NET: starting DHCP for interface en1
NET: starting DHCPv6 for interface en1
en1: assigned 10.0.2.15
read program complete: 0xffff80c000000000 gitversion:
653ecb66a19fdd28a441bbc46178fcf849924463 1 run thread, cpu 0, frame
0xffffc00003402000, pc 0x465860, sp 0x7fcb8ed0, rv 0x0
1 arch_prctl
1 arch_prctl: code 0x1002, addr 0x54c5b0
1 direct return: 0, rsp 0x7fcb8e70
1 run thread, cpu 0, frame 0xffffc00003402000, pc 0x466165, sp
0x7fcb8e70, rv 0x0
1 sched_getaffinity
1 direct return: 8, rsp 0x7fcb6e50
1 run thread, cpu 0, frame 0xffffc00003402000, pc 0x4661d6, sp
0x7fcb6e50, rv 0x8
1 openat
1 "/sys/kernel/mm/transparent_hugepage/hpage_pmd_size" - not found
1 direct return: -2, rsp 0x7fcb8e30
1 run thread, cpu 0, frame 0xffffc00003402000, pc 0x4658da, sp
0x7fcb8e30, rv 0xfffffffffffffffe
1 mmap
1 mmap: addr 0x0000000000000000, length 0x40000, prot 0x3, flags 0x22,
fd -1, offset 0x0
1 alloc: 0x2fe72975000
1 anonymous, specified target 0x2fe72975000
1 vmap_remove_intersection: q [0x2fe72975000 0x2fe729b5000), r
[0x2fe72975000 0x2fe729b5000)
1 returning 0x2fe72975000
1 direct return: 3291867467776, rsp 0x7fcb8bf8
1 run thread, cpu 0, frame 0xffffc00003402000, pc 0x465ee4, sp
0x7fcb8bf8, rv 0x2fe72975000
1 page fault, vaddr 0x2fe72975000
We recently added support for showing the equivalent of 'strace -c' which is a syscall summary table and shows the number of calls per syscall, the time it took and errors, along with vm exits, since Nanos is always provisioned as a virtual machine. Let's start with a simple c sample.
#include <stdio.h>
int main() {
printf("hello!\n");
}
When we run it we see the output of the syscalls used, the number of times it was called and the associated cost.

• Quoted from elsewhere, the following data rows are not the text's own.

(* Let $A,B$ be closed linear relations in $X^2$ such that $\{A,B\}$ is a dual pair with $(A^* )_s|_{D(B)}=B_s$ and $(B^* )_s|_{D(A)}=A_s$. If $B^*(0)\cap N(A^* )=\{0\}$ and $A^*(0)\cap N(B^* )=\{0\}$, then $n(A^*,B)=n(B^*,A)$, where $n(A^*,B)=\dim(D(A^* )/D(B))$ and $n(B^*,A)=\dim(D(B^* )/D(A))$.
   Context: $X$ is a complex Hilbert space; linear relations are linear subspaces of $X^2=X\times X$, with domain $D(T)$, $N(T)=\{x:(x,0)\in T\}$, $T(0)=\{y:(0,y)\in T\}$. Adjoint: $T^*=\{(f,g):\langle g,x\rangle=\langle f,y\rangle\ \forall(x,y)\in T\}$. For closed $T$: $T_\infty=\{(0,y)\in T\}$ and $T_s=T\ominus T_\infty$ (orthogonal complement in $T$), an operator with $D(T_s)=D(T)$. Closed relations $A,B$ form a dual pair if $A\subset B^*$ (equivalently $B\subset A^*$). $(A^* )_s|_{D(B)}=B_s$ means the restriction of the operator $(A^* )_s$ to $D(B)$ is $B_s$. *)

theory Defs
  imports "HOL-Analysis.Analysis" "HOL-Library.Extended_Nat"
begin

text \<open>A complex Hilbert space: a real Banach space 'a equipped with a complex
scalar multiplication sC (extending the real one) and a complex inner product ip
(linear in the first, conjugate-linear in the second argument) inducing the norm.\<close>

locale complex_hilbert =
  fixes sC :: "complex \<Rightarrow> 'a::banach \<Rightarrow> 'a"
    and ip :: "'a \<Rightarrow> 'a \<Rightarrow> complex"
  assumes sC_add_right: "\<And>a x y. sC a (x + y) = sC a x + sC a y"
    and sC_add_left: "\<And>a b x. sC (a + b) x = sC a x + sC b x"
    and sC_sC: "\<And>a b x. sC a (sC b x) = sC (a * b) x"
    and sC_one: "\<And>x. sC 1 x = x"
    and sC_of_real: "\<And>r x. sC (complex_of_real r) x = scaleR r x"
    and ip_add_left: "\<And>x y z. ip (x + y) z = ip x z + ip y z"
    and ip_sC_left: "\<And>a x y. ip (sC a x) y = a * ip x y"
    and ip_sym: "\<And>x y. ip y x = cnj (ip x y)"
    and ip_norm: "\<And>x. ip x x = complex_of_real ((norm x)\<^sup>2)"

definition lin_rel :: "(complex \<Rightarrow> 'a \<Rightarrow> 'a) \<Rightarrow> ('a::ab_group_add \<times> 'a) set \<Rightarrow> bool" where
  "lin_rel sC T \<longleftrightarrow> (0, 0) \<in> T
     \<and> (\<forall>p\<in>T. \<forall>q\<in>T. (fst p + fst q, snd p + snd q) \<in> T)
     \<and> (\<forall>c. \<forall>p\<in>T. (sC c (fst p), sC c (snd p)) \<in> T)"

definition closed_lin_rel :: "(complex \<Rightarrow> 'a \<Rightarrow> 'a) \<Rightarrow> ('a::real_normed_vector \<times> 'a) set \<Rightarrow> bool" where
  "closed_lin_rel sC T \<longleftrightarrow> lin_rel sC T \<and> closed T"

definition rdom :: "('a \<times> 'a) set \<Rightarrow> 'a set" where
  "rdom T = {x. \<exists>y. (x, y) \<in> T}"

definition rker :: "('a::zero \<times> 'a) set \<Rightarrow> 'a set" where
  "rker T = {x. (x, 0) \<in> T}"

definition rmul :: "('a::zero \<times> 'a) set \<Rightarrow> 'a set" where
  "rmul T = {y. (0, y) \<in> T}"

definition radj :: "('a \<Rightarrow> 'a \<Rightarrow> complex) \<Rightarrow> ('a \<times> 'a) set \<Rightarrow> ('a \<times> 'a) set" where
  "radj ip T = {(f, g). \<forall>(x, y)\<in>T. ip g x = ip f y}"

definition pip :: "('a \<Rightarrow> 'a \<Rightarrow> complex) \<Rightarrow> 'a \<times> 'a \<Rightarrow> 'a \<times> 'a \<Rightarrow> complex" where
  "pip ip p q = ip (fst p) (fst q) + ip (snd p) (snd q)"

definition rinf :: "('a::zero \<times> 'a) set \<Rightarrow> ('a \<times> 'a) set" where
  "rinf T = {p \<in> T. fst p = 0}"

definition rs :: "('a \<Rightarrow> 'a \<Rightarrow> complex) \<Rightarrow> ('a::zero \<times> 'a) set \<Rightarrow> ('a \<times> 'a) set" where
  "rs ip T = {p \<in> T. \<forall>q \<in> rinf T. pip ip p q = 0}"

definition rrestrict :: "('a \<times> 'a) set \<Rightarrow> 'a set \<Rightarrow> ('a \<times> 'a) set" where
  "rrestrict T S = {p \<in> T. fst p \<in> S}"

definition dual_pair :: "(complex \<Rightarrow> 'a \<Rightarrow> 'a) \<Rightarrow> ('a \<Rightarrow> 'a \<Rightarrow> complex)
    \<Rightarrow> ('a::real_normed_vector \<times> 'a) set \<Rightarrow> ('a \<times> 'a) set \<Rightarrow> bool" where
  "dual_pair sC ip A B \<longleftrightarrow> closed_lin_rel sC A \<and> closed_lin_rel sC B \<and> A \<subseteq> radj ip B"

text \<open>Dimension of the quotient space V/M (M \<subseteq> V subspaces), valued in
  {0,1,2,...,\<infinity>}: the supremum of the sizes of finite subsets of V that are
  complex-linearly independent modulo M.\<close>
definition indep_mod :: "(complex \<Rightarrow> 'a \<Rightarrow> 'a) \<Rightarrow> 'a::comm_monoid_add set \<Rightarrow> 'a set \<Rightarrow> bool" where
  "indep_mod sC M L \<longleftrightarrow> finite L \<and>
     (\<forall>c. (\<Sum>l\<in>L. sC (c l) l) \<in> M \<longrightarrow> (\<forall>l\<in>L. c l = 0))"

definition quot_dim :: "(complex \<Rightarrow> 'a \<Rightarrow> 'a) \<Rightarrow> 'a::comm_monoid_add set \<Rightarrow> 'a set \<Rightarrow> enat" where
  "quot_dim sC V M = Sup {enat (card L) | L. L \<subseteq> V \<and> indep_mod sC M L}"

end

theory Submission
  imports Defs
begin

text \<open>The key object is the boundary form \<open>[f, g] = \<langle>f', g\<rangle> - \<langle>f, g'\<rangle>\<close> for
\<open>(f, f') \<in> A\<^sup>*\<close> and \<open>(g, g') \<in> B\<^sup>*\<close>. The hypotheses force \<open>A\<^sup>*(0) \<subseteq> B(0)\<close> and
\<open>B\<^sup>*(0) \<subseteq> A(0)\<close>: project \<open>y \<in> A\<^sup>*(0)\<close> onto the closed subspace \<open>B(0)\<close>; since \<open>(A\<^sup>*)\<^sub>s\<close>
and \<open>B\<^sub>s\<close> agree on \<open>D(B)\<close>, the residual lies in \<open>A\<^sup>*(0) \<inter> N(B\<^sup>*) = {0}\<close>. These inclusions
make the form independent of the choice of \<open>f'\<close> and \<open>g'\<close>. It is sesquilinear on
\<open>D(A\<^sup>*) \<times> D(B\<^sup>*)\<close>, vanishes on \<open>D(A\<^sup>*) \<times> D(A)\<close> because \<open>A \<subseteq> B\<^sup>*\<close>, and its left kernel is
\<open>D(B)\<close> because \<open>B\<^sup>*\<^sup>* = B\<close>. For such a pairing every finite family in \<open>D(A\<^sup>*)\<close> that is
independent modulo \<open>D(B)\<close> has a biorthogonal family in \<open>D(B\<^sup>*)\<close>, which is independent modulo
\<open>D(A)\<close>. Hence \<open>n(A\<^sup>*, B) \<le> n(B\<^sup>*, A)\<close>, and the reverse inequality follows by symmetry.\<close>

definition csubspace :: "(complex \<Rightarrow> 'a \<Rightarrow> 'a) \<Rightarrow> 'a::ab_group_add set \<Rightarrow> bool" where
  "csubspace sC M \<longleftrightarrow> 0 \<in> M \<and> (\<forall>x\<in>M. \<forall>y\<in>M. x + y \<in> M) \<and> (\<forall>c. \<forall>x\<in>M. sC c x \<in> M)"

context complex_hilbert
begin

lemma sC_zero_left [simp]: "sC 0 x = 0"
  using sC_of_real[of 0 x] by simp

lemma sC_zero_right [simp]: "sC a 0 = 0"
  using sC_add_right[of a 0 0] by simp

lemma sC_minus_one: "sC (-1) x = - x"
  using sC_add_left[of 1 "-1" x] by (simp add: sC_one eq_neg_iff_add_eq_0 add.commute)

lemma ip_zero_left [simp]: "ip 0 y = 0"
  using ip_add_left[of 0 0 y] by simp

lemma ip_add_right: "ip x (y + z) = ip x y + ip x z"
proof -
  have "ip x (y + z) = cnj (ip y x + ip z x)"
    by (subst ip_sym) (simp add: ip_add_left)
  then show ?thesis
    by (simp only: complex_cnj_add complex_cnj_cnj ip_sym[of y x] ip_sym[of z x])
qed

eyberg@box:~/z$ ops run --syscall-summary main
You are running an older version of Ops.
Update: Run `ops update`
booting /home/eyberg/.ops/images/main.img ...
en1: assigned 10.0.2.15
hello!
% time seconds usecs/call calls errors syscall
------ ------------ ------------ ------------ ------------------------------
48.53 0.000644 215 3 brk
25.16 0.000334 334 1 read
16.05 0.000213 213 1 write
3.31 0.000044 6 7 mmap
1.73 0.000023 6 4 pread64
1.58 0.000021 4 5 4 openat
0.97 0.000013 13 1 close
0.90 0.000012 3 4 mprotect
0.67 0.000009 9 1 uname
0.37 0.000005 5 1 1 access
0.22 0.000003 2 2 fstat
0.22 0.000003 1 3 3 stat
0.22 0.000003 2 2 1 arch_prctl
------ ------------ ------------ ------------ ------------------------------
100.00 0.001327 35 9 total
exit status 1
Here we can see the call to brk is taking the most time. Let's look at a go sample to compare - same code but different language.
package main
import "fmt"
func main() {
fmt.Println("yo")
}
➜ g ops run --syscall-summary g
booting /Users/eyberg/.ops/images/g.img ...
en1: assigned 10.0.2.15
yo
% time seconds usecs/call calls errors syscall
------ ------------ ------------ ------------ ------------ ------------------
36.00 0.000180 1 147 mmap
17.80 0.000089 1 130 munmap
16.20 0.000081 81 1 sched_yield
14.40 0.000072 72 1 write
9.00 0.000045 15 3 clone
3.40 0.000017 17 1 readlinkat
2.00 0.000010 1 13 nanosleep
0.80 0.000004 4 1 1 openat
0.40 0.000002 0 9 futex
0.00 0.000000 0 3 fcntl
0.00 0.000000 0 44 clock_gettime
0.00 0.000000 0 113 rt_sigaction
0.00 0.000000 0 7 gettid
0.00 0.000000 0 11 rt_sigprocmask
0.00 0.000000 0 1 sched_getaffinity
0.00 0.000000 0 1 arch_prctl
0.00 0.000000 0 8 sigaltstack
------ ------------ ------------ ------------ ------------ ------------------
100.00 0.000500 494 1 total
Interesting to see. Both mmap and brk are taking up the largest amount of time. Did you know both of these calls can provide similiar functionality albeit in a different manner? The reason we see mmap being used by Go is because Go implements a small language managed runtime and implements garbage collection. This is probably one of the reasons why the Go team chose to use mmap instead for their memory allocator.
So even though the code is roughly the same it is implemented differently at the syscall level. This is why it is important to have tooling to profile the syscalls and where this tool comes in handy.